> _WORK TO COMPLETE_
Give back exactly the lines that run from the beginning of the entries to the line containing "2))) = (\<lambda>k.", both included, and nothing else.

Segment Open

lemma inverse_gap2_sums:
  assumes "c > 0"
  shows "(\<lambda>k. 1/((real k + c) * (real k + c + 2))) sums ((1/c + 1/(c + 1)) / 2)"
proof -
  have "(\<lambda>k. 1/((real k + c) * (real k + c + 2))) = (\<lambda>k.
      ((1/(real k + c) - 1/(real (Suc k) + c)) + (1/(real k + (c + 1)) - 1/(real (Suc k) + (c + 1)))) / 2)"
  proof
    fix k
    have "real k + c > 0" using assms by (simp add: add_nonneg_pos)
    then show "1/((real k + c) * (real k + c + 2)) =
      ((1/(real k + c) - 1/(real (Suc k) + c)) + (1/(real k + (c + 1)) - 1/(real (Suc k) + (c + 1)))) / 2"
      by (simp add: divide_simps) (simp add: algebra_simps)
  qed
  then show ?thesis by (simp only:) (intro sums_divide sums_add telescope_inverse_sums)
qed

lemma branch_weight_sums: "s \<ge> 0 \<Longrightarrow> (\<lambda>k. branch_weight (real k + 1) s) sums 1"
  using sums_mult[OF inverse_consecutive_sums[of "1 + s"], of "1 + s"]
  by (simp add: branch_weight_def add_ac)

lemma ennreal_suminf_skip:
  assumes "x \<ge> 1" and "\<And>k. T k \<ge> 0" and "T sums S"
  shows "(\<Sum>k. ennreal (if Suc k \<noteq> x then T k else 0)) = ennreal (S - T (x - 1))"
proof -
  have "(\<lambda>k. if k \<in> {x - 1} then 0 else T k) sums (S + (\<Sum>k\<in>{x - 1}. 0 - T k))"
    by (rule sums_If_finite_set'[OF assms(3)]) auto
  moreover have "(\<lambda>k. if k \<in> {x - 1} then 0 else T k) = (\<lambda>k. if Suc k \<noteq> x then T k else 0)"
    using assms(1) by (auto simp: fun_eq_iff)
  ultimately have "(\<lambda>k. if Suc k \<noteq> x then T k else 0) sums (S - T (x - 1))" by simp
  moreover have "(\<Sum>k. ennreal (if Suc k \<noteq> x then T k else 0)) = ennreal (\<Sum>k. if Suc k \<noteq> x then T k else 0)"
    by (rule suminf_ennreal2) (use calculation assms(2) in \<open>auto simp: sums_iff\<close>)
  ultimately show ?thesis by (simp add: sums_iff)
qed

text \<open>
  The coefficients 24/5 and 17/5 are tuned so that \<open>lyap_drift_ge\<close> gives 7/5, just above the
  C/5 \<approx> 1.377 needed for the exponent 0.2.
\<close>

definition lyap_corr :: "real \<Rightarrow> real" where
  "lyap_corr u = 24/5 / (1 + 2 * u) - 17/5 / (1 + 3 * u)"

definition lyap_corr_mean :: "real \<Rightarrow> real" where
  "lyap_corr_mean s = (1 + s) * (24/5 / (2 + s) - 17/10 * (1 / (2 + s) + 1 / (3 + s)))"

definition lyapunov :: "real \<Rightarrow> real \<Rightarrow> real" where
  "lyapunov X u = 1 + lyap_corr u / X"

lemma lyap_corr_nonneg: "u \<ge> 0 \<Longrightarrow> lyap_corr u \<ge> 0"
  by (simp add: lyap_corr_def field_simps)

lemma lyap_corr_le: "u \<ge> 0 \<Longrightarrow> lyap_corr u \<le> 3/2"
proof -
  assume u: "u \<ge> 0"
  have "3/2 * ((1 + 2 * u) * (1 + 3 * u)) - (24/5 * (1 + 3 * u) - 17/5 * (1 + 2 * u))
      = 9 * (u - 1/180)^2 + 359/3600"
    by (simp add: power2_eq_square field_simps)
  then have "24/5 * (1 + 3 * u) - 17/5 * (1 + 2 * u) \<le> 3/2 * ((1 + 2 * u) * (1 + 3 * u))"
    using zero_le_power2[of "u - 1/180"] by linarith
  moreover have "(1 + 2 * u) * (1 + 3 * u) > 0" using u by simp
  moreover have "lyap_corr u = (24/5 * (1 + 3 * u) - 17/5 * (1 + 2 * u)) / ((1 + 2 * u) * (1 + 3 * u))"
    using u by (simp add: lyap_corr_def field_simps)
  ultimately show ?thesis by (simp add: pos_divide_le_eq)
qed
lemma card_close_supsets_le:
  assumes "card T = r - 1"
  shows "card {f'. f' \<subseteq> V \<and> card f' = r \<and> T \<subseteq> f' \<and> coord_close \<gamma> s f f'} \<le> 3 * s * (q + 1)"
proof -
  define C where "C i k = {f'. f' \<subseteq> V \<and> card f' = r \<and> T \<subseteq> f' \<and> \<lfloor>\<gamma> f' i\<rfloor> = k}" for i k
  define K where "K i = {\<lfloor>\<gamma> f i\<rfloor> - 1 .. \<lfloor>\<gamma> f i\<rfloor> + 1}" for i
  have "{f'. f' \<subseteq> V \<and> card f' = r \<and> T \<subseteq> f' \<and> coord_close \<gamma> s f f'} \<subseteq> (\<Union>i<s. \<Union>k\<in>K i. C i k)"
  proof
    fix f' assume "f' \<in> {f'. f' \<subseteq> V \<and> card f' = r \<and> T \<subseteq> f' \<and> coord_close \<gamma> s f f'}"
    then obtain i where f': "f' \<subseteq> V" "card f' = r" "T \<subseteq> f'" and "i < s" "\<bar>\<gamma> f i - \<gamma> f' i\<bar> < 1"
      by (auto simp: coord_close_def)
    then have "\<lfloor>\<gamma> f' i\<rfloor> \<le> \<lfloor>\<gamma> f i + 1\<rfloor>" "\<lfloor>\<gamma> f i\<rfloor> \<le> \<lfloor>\<gamma> f' i + 1\<rfloor>"
      by (intro floor_mono; linarith)+
    then have "\<lfloor>\<gamma> f' i\<rfloor> \<in> K i"
      by (simp add: K_def)
    then show "f' \<in> (\<Union>i<s. \<Union>k\<in>K i. C i k)"
      using f' \<open>i < s\<close> by (auto simp: C_def)
  qed
  then have "card {f'. f' \<subseteq> V \<and> card f' = r \<and> T \<subseteq> f' \<and> coord_close \<gamma> s f f'}
      \<le> card (\<Union>i<s. \<Union>k\<in>K i. C i k)"
    by (intro card_mono) (auto simp: C_def K_def)
  also have "\<dots> \<le> (\<Sum>i<s. \<Sum>k\<in>K i. card (C i k))"
    by (intro order_trans[OF card_UN_le] sum_mono card_UN_le) (auto simp: K_def)
  also have "\<dots> \<le> (\<Sum>i<s. \<Sum>k\<in>K i. q + 1)"
    unfolding C_def using assms by (intro sum_mono card_same_floor_le) auto
  also have "\<dots> = 3 * s * (q + 1)"
    by (simp add: K_def algebra_simps)
  finally show ?thesis .
qed

definition close_pairs :: "('a set \<times> 'a set) set" where
  "close_pairs = {(f, f'). f \<subseteq> V \<and> card f = r \<and> f' \<subseteq> V \<and> card f' = r \<and> f \<noteq> f' \<and> coord_close \<gamma> s f f'}"

definition truncated_pairs :: "('a set \<times> 'a set) set" where
  "truncated_pairs = {f. f \<subseteq> V \<and> card f = r} \<times> {T. T \<subseteq> V \<and> card T = r - 1}"

definition new_point :: "'a set \<times> 'a set \<Rightarrow> 'a" where
  "new_point p = (SOME x. x \<in> snd p - fst p)"

definition shrink :: "'a set \<times> 'a set \<Rightarrow> 'a set \<times> 'a set" where
  "shrink p = (fst p, snd p - {new_point p})"

definition separated :: "'a set \<Rightarrow> bool" where
  "separated U \<longleftrightarrow> (\<forall>f f'. f \<subseteq> U \<and> card f = r \<and> f' \<subseteq> U \<and> card f' = r \<and> f \<noteq> f' \<longrightarrow>
     \<not> coord_close \<gamma> s f f')"

lemma finite_close_pairs: "finite close_pairs"
  unfolding close_pairs_def by (rule finite_subset[of _ "Pow V \<times> Pow V"]) (auto simp: finite_V)

lemma finite_truncated_pairs: "finite truncated_pairs"
  by (simp add: truncated_pairs_def)

lemma new_point_mem:
  assumes "p \<in> close_pairs"
  shows "new_point p \<in> snd p - fst p"
proof -
  obtain f f' where p: "p = (f, f')" and "f \<subseteq> V" "card f' = card f" "f \<noteq> f'"
    using assms by (auto simp: close_pairs_def)
  moreover have "finite f"
    using \<open>f \<subseteq> V\<close> finite_V by (rule finite_subset)
  ultimately have "\<not> f' \<subseteq> f"
    using card_subset_eq[of f f'] by auto
  then have "\<exists>x. x \<in> snd p - fst p"
    unfolding p by auto
  then show ?thesis
    unfolding new_point_def by (rule someI_ex)
qed

lemma shrink_mem_truncated_pairs:
  assumes "p \<in> close_pairs"
  shows "shrink p \<in> truncated_pairs"
  using assms new_point_mem[OF assms] finite_V
  by (auto simp: close_pairs_def truncated_pairs_def shrink_def card_Diff_singleton
      intro: finite_subset)

lemma union_shrink:
  assumes "p \<in> close_pairs"
  shows "fst p \<union> snd p = insert (new_point p) (fst (shrink p) \<union> snd (shrink p))"
    and "new_point p \<notin> fst (shrink p) \<union> snd (shrink p)"
  using new_point_mem[OF assms] by (auto simp: shrink_def)

lemma card_shrink_fibre_le:
  assumes "y \<in> truncated_pairs"
  shows "card {p \<in> close_pairs. shrink p = y} \<le> 3 * s * (q + 1)"
proof -
  obtain f T where y: "y = (f, T)" and T: "card T = r - 1"
    using assms by (auto simp: truncated_pairs_def)
  let ?F = "{f'. f' \<subseteq> V \<and> card f' = r \<and> T \<subseteq> f' \<and> coord_close \<gamma> s f f'}"
  have "{p \<in> close_pairs. shrink p = y} \<subseteq> Pair f ` ?F"
    by (auto simp: close_pairs_def shrink_def y)
  then have "card {p \<in> close_pairs. shrink p = y} \<le> card (Pair f ` ?F)"
    by (intro card_mono) auto
  also have "\<dots> \<le> card ?F"
    by (intro card_image_le) simp
  also have "\<dots> \<le> 3 * s * (q + 1)"
    by (rule card_close_supsets_le[OF T])
  finally show ?thesis .
qed

lemma card_truncated_pairs_within_le:
  assumes "W \<subseteq> V"
  shows "card {y \<in> truncated_pairs. fst y \<union> snd y \<subseteq> W} \<le> card W ^ (2 * r - 1)"
proof -
  have "finite W" using assms finite_V by (rule finite_subset)
  have "{y \<in> truncated_pairs. fst y \<union> snd y \<subseteq> W} = {f. f \<subseteq> W \<and> card f = r} \<times> {T. T \<subseteq> W \<and> card T = r - 1}"
    using assms by (auto simp: truncated_pairs_def)
  then have "card {y \<in> truncated_pairs. fst y \<union> snd y \<subseteq> W}
      = card {f. f \<subseteq> W \<and> card f = r} * card {T. T \<subseteq> W \<and> card T = r - 1}"
    by (simp add: card_cartesian_product)
  also have "\<dots> \<le> card W ^ r * card W ^ (r - 1)"
    using \<open>finite W\<close> by (intro mult_le_mono card_subsets_le_power)
  also have "\<dots> = card W ^ (2 * r - 1)"
    using r_pos by (simp add: mult_2 flip: power_add)
  finally show ?thesis .
qed

lemma power_double_r: "x ^ (2 * r) = x * x ^ (2 * r - 1)"
proof -
  have "2 * r = Suc (2 * r - 1)"
    using r_pos by simp
  then show ?thesis
    by (metis power_Suc)
qed

lemma sum_card_close_pairs_within_le:
  assumes "m \<le> card V"
  defines "Ws \<equiv> {W. W \<subseteq> V \<and> card W = m}"
  shows "card V * (\<Sum>W\<in>Ws. card {p \<in> close_pairs. fst p \<union> snd p \<subseteq> W})
    \<le> card Ws * (3 * s * (q + 1) * m ^ (2 * r))"
proof -
  define n where "n A = card {W \<in> Ws. A \<subseteq> W}" for A
  have "finite Ws" by (simp add: Ws_def)
  have ratio: "card V * n (fst p \<union> snd p) \<le> m * n (fst (shrink p) \<union> snd (shrink p))"
    if "p \<in> close_pairs" for p
  proof -
    have "fst (shrink p) \<union> snd (shrink p) \<subseteq> V" "new_point p \<in> V"
      using that shrink_mem_truncated_pairs[OF that] new_point_mem[OF that]
      by (auto simp: truncated_pairs_def close_pairs_def)
    then show ?thesis
      using card_supsets_insert_le[OF finite_V _ _ union_shrink(2)[OF that] assms(1)]
      by (simp add: n_def Ws_def union_shrink(1)[OF that] conj_assoc)
  qed
  have "card V * (\<Sum>W\<in>Ws. card {p \<in> close_pairs. fst p \<union> snd p \<subseteq> W})
      = (\<Sum>p\<in>close_pairs. card V * n (fst p \<union> snd p))"
    using sum_card_filter_swap[OF \<open>finite Ws\<close> finite_close_pairs, of "\<lambda>W p. fst p \<union> snd p \<subseteq> W"]
    by (simp add: n_def sum_distrib_left)
  also have "\<dots> \<le> (\<Sum>p\<in>close_pairs. m * n (fst (shrink p) \<union> snd (shrink p)))"
    by (intro sum_mono ratio)
  also have "\<dots> \<le> m * (3 * s * (q + 1) * (\<Sum>y\<in>truncated_pairs. n (fst y \<union> snd y)))"
    unfolding sum_distrib_left[symmetric]
    by (intro mult_le_mono2 sum_comp_le_fibre_card finite_close_pairs finite_truncated_pairs
        card_shrink_fibre_le) (auto intro: shrink_mem_truncated_pairs)
  also have "\<dots> = m * (3 * s * (q + 1) * (\<Sum>W\<in>Ws. card {y \<in> truncated_pairs. fst y \<union> snd y \<subseteq> W}))"
    using sum_card_filter_swap[OF \<open>finite Ws\<close> finite_truncated_pairs, of "\<lambda>W y. fst y \<union> snd y \<subseteq> W"]
    by (simp add: n_def)
  also have "\<dots> \<le> m * (3 * s * (q + 1) * (\<Sum>W\<in>Ws. m ^ (2 * r - 1)))"
    using card_truncated_pairs_within_le by (intro mult_le_mono2 sum_mono) (auto simp: Ws_def)
  also have "\<dots> = card Ws * (3 * s * (q + 1) * m ^ (2 * r))"
    unfolding power_double_r by (simp only: sum_constant of_nat_id ac_simps)
  finally show ?thesis .
qed

lemma exists_subset_few_close_pairs:
  assumes "m \<le> card V"
  obtains W where "W \<subseteq> V" "card W = m"
    "card V * card {p \<in> close_pairs. fst p \<union> snd p \<subseteq> W} \<le> 3 * s * (q + 1) * m ^ (2 * r)"
proof -
  define Ws where "Ws = {W. W \<subseteq> V \<and> card W = m}"
  have "finite Ws" "Ws \<noteq> {}"
    using obtain_subset_with_card_n[OF assms] by (auto simp: Ws_def)
  then obtain W where "W \<in> Ws" and W: "card {p \<in> close_pairs. fst p \<union> snd p \<subseteq> W} * card Ws
      \<le> (\<Sum>W\<in>Ws. card {p \<in> close_pairs. fst p \<union> snd p \<subseteq> W})"
    using ex_mult_card_le_sum[OF \<open>finite Ws\<close> \<open>Ws \<noteq> {}\<close>,
        of "\<lambda>W. card {p \<in> close_pairs. fst p \<union> snd p \<subseteq> W}"] by blast
  have "card Ws * (card V * card {p \<in> close_pairs. fst p \<union> snd p \<subseteq> W})
      \<le> card V * (\<Sum>W\<in>Ws. card {p \<in> close_pairs. fst p \<union> snd p \<subseteq> W})"
    using mult_le_mono2[OF W, of "card V"] by (simp only: ac_simps)
  also have "\<dots> \<le> card Ws * (3 * s * (q + 1) * m ^ (2 * r))"
    using sum_card_close_pairs_within_le[OF assms] unfolding Ws_def .
  finally have "card V * card {p \<in> close_pairs. fst p \<union> snd p \<subseteq> W} \<le> 3 * s * (q + 1) * m ^ (2 * r)"
    using \<open>finite Ws\<close> \<open>Ws \<noteq> {}\<close> by (simp only: mult_le_cancel1 card_gt_0_iff) simp
  with \<open>W \<in> Ws\<close> show thesis
    using that unfolding Ws_def by blast
qed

Segment Closed

> _ANSWER SECTION_
lemma inverse_gap2_sums:
  assumes "c > 0"
  shows "(\<lambda>k. 1/((real k + c) * (real k + c + 2))) sums ((1/c + 1/(c + 1)) / 2)"
proof -
  have "(\<lambda>k. 1/((real k + c) * (real k + c + 2))) = (\<lambda>k.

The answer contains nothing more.